Records from a dataset:
lemma in_closure_of_priestley_topology:
  "x \<in> priestley_topology closure_of A \<longleftrightarrow>
     x \<in> priestley_space \<and> (\<forall>a b. x \<in> sset a - sset b \<longrightarrow> (sset a - sset b) \<inter> A \<noteq> {})"
proof -
  have "x \<in> priestley_topology closure_of A \<longleftrightarrow>
      x \<in> priestley_space \<and> (\<forall>V\<in>priestley_basis. x \<in> V \<longrightarrow> V \<inter> A \<noteq> {})"
    unfolding priestley_topology_eq priestley_basis_Union[symmetric]
    using priestley_basis_Int by (rule in_closure_of_topology_generated_by)
  also have "(\<forall>V\<in>priestley_basis. x \<in> V \<longrightarrow> V \<inter> A \<noteq> {}) \<longleftrightarrow>
             (\<forall>a b. x \<in> sset a - sset b \<longrightarrow> (sset a - sset b) \<inter> A \<noteq> {})"
    unfolding priestley_basis_def by auto
  finally show ?thesis .
qed

lemma distributive_join_iff:
  assumes "is_join S j"
  shows "distributive_join S j \<longleftrightarrow> (\<forall>a b. (\<forall>s\<in>S. inf a s \<le> b) \<longrightarrow> inf a j \<le> b)"
proof -
  have "\<forall>s\<in>S. inf a s \<le> inf a j" for a
    using assms unfolding is_join_def by (simp add: le_infI2)
  then show ?thesis unfolding distributive_join_def is_join_def by auto
qed

theorem theorem5p16:
  fixes S :: "'a::{bounded_lattice, distrib_lattice} set" and j :: 'a
  assumes "is_join S j"
  shows "distributive_join S j \<longleftrightarrow>
           sset j = priestley_topology closure_of (\<Union>s\<in>S. sset s)"
proof -
  define U where "U = (\<Union>s\<in>S. sset s)"
  have "U \<subseteq> sset j"
    using assms sset_mono unfolding U_def is_join_def by blast
  then have "priestley_topology closure_of U \<subseteq> sset j"
    by (rule closure_of_minimal[OF _ closedin_sset])
  have "distributive_join S j \<longleftrightarrow> (\<forall>a b. (\<forall>s\<in>S. inf a s \<le> b) \<longrightarrow> inf a j \<le> b)"
    by (rule distributive_join_iff[OF assms])
  also have "\<dots> \<longleftrightarrow>
      (\<forall>a b. (sset a - sset b) \<inter> U = {} \<longrightarrow> (sset a - sset b) \<inter> sset j = {})"
  proof -
    have "(sset a - sset b) \<inter> U = {} \<longleftrightarrow> (\<forall>s\<in>S. inf a s \<le> b)" for a b
      unfolding U_def Int_UN_distrib SUP_bot_conv sset_diff_disjoint_iff ..
    then show ?thesis by (simp only: sset_diff_disjoint_iff)
  qed
  also have "\<dots> \<longleftrightarrow>
      (\<forall>x\<in>sset j. \<forall>a b. x \<in> sset a - sset b \<longrightarrow> (sset a - sset b) \<inter> U \<noteq> {})"
    by blast
  also have "\<dots> \<longleftrightarrow> sset j \<subseteq> priestley_topology closure_of U"
    using sset_subset_priestley_space[of j] by (auto simp: in_closure_of_priestley_topology)
  also have "\<dots> \<longleftrightarrow> sset j = priestley_topology closure_of U"
    using \<open>priestley_topology closure_of U \<subseteq> sset j\<close> by (intro iffI subset_antisym) auto
  finally show ?thesis unfolding U_def .
qed

end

- **Exercise details**
Write out, without alteration, the line that contains "by (rule distributive_join_iff[OF assms])" and all subsequent lines down to the end of the data above.

- **Problem solution**
    by (rule distributive_join_iff[OF assms])
  also have "\<dots> \<longleftrightarrow>
      (\<forall>a b. (sset a - sset b) \<inter> U = {} \<longrightarrow> (sset a - sset b) \<inter> sset j = {})"
  proof -
    have "(sset a - sset b) \<inter> U = {} \<longleftrightarrow> (\<forall>s\<in>S. inf a s \<le> b)" for a b
      unfolding U_def Int_UN_distrib SUP_bot_conv sset_diff_disjoint_iff ..
    then show ?thesis by (simp only: sset_diff_disjoint_iff)
  qed
  also have "\<dots> \<longleftrightarrow>
      (\<forall>x\<in>sset j. \<forall>a b. x \<in> sset a - sset b \<longrightarrow> (sset a - sset b) \<inter> U \<noteq> {})"
    by blast
  also have "\<dots> \<longleftrightarrow> sset j \<subseteq> priestley_topology closure_of U"
    using sset_subset_priestley_space[of j] by (auto simp: in_closure_of_priestley_topology)
  also have "\<dots> \<longleftrightarrow> sset j = priestley_topology closure_of U"
    using \<open>priestley_topology closure_of U \<subseteq> sset j\<close> by (intro iffI subset_antisym) auto
  finally show ?thesis unfolding U_def .
qed

end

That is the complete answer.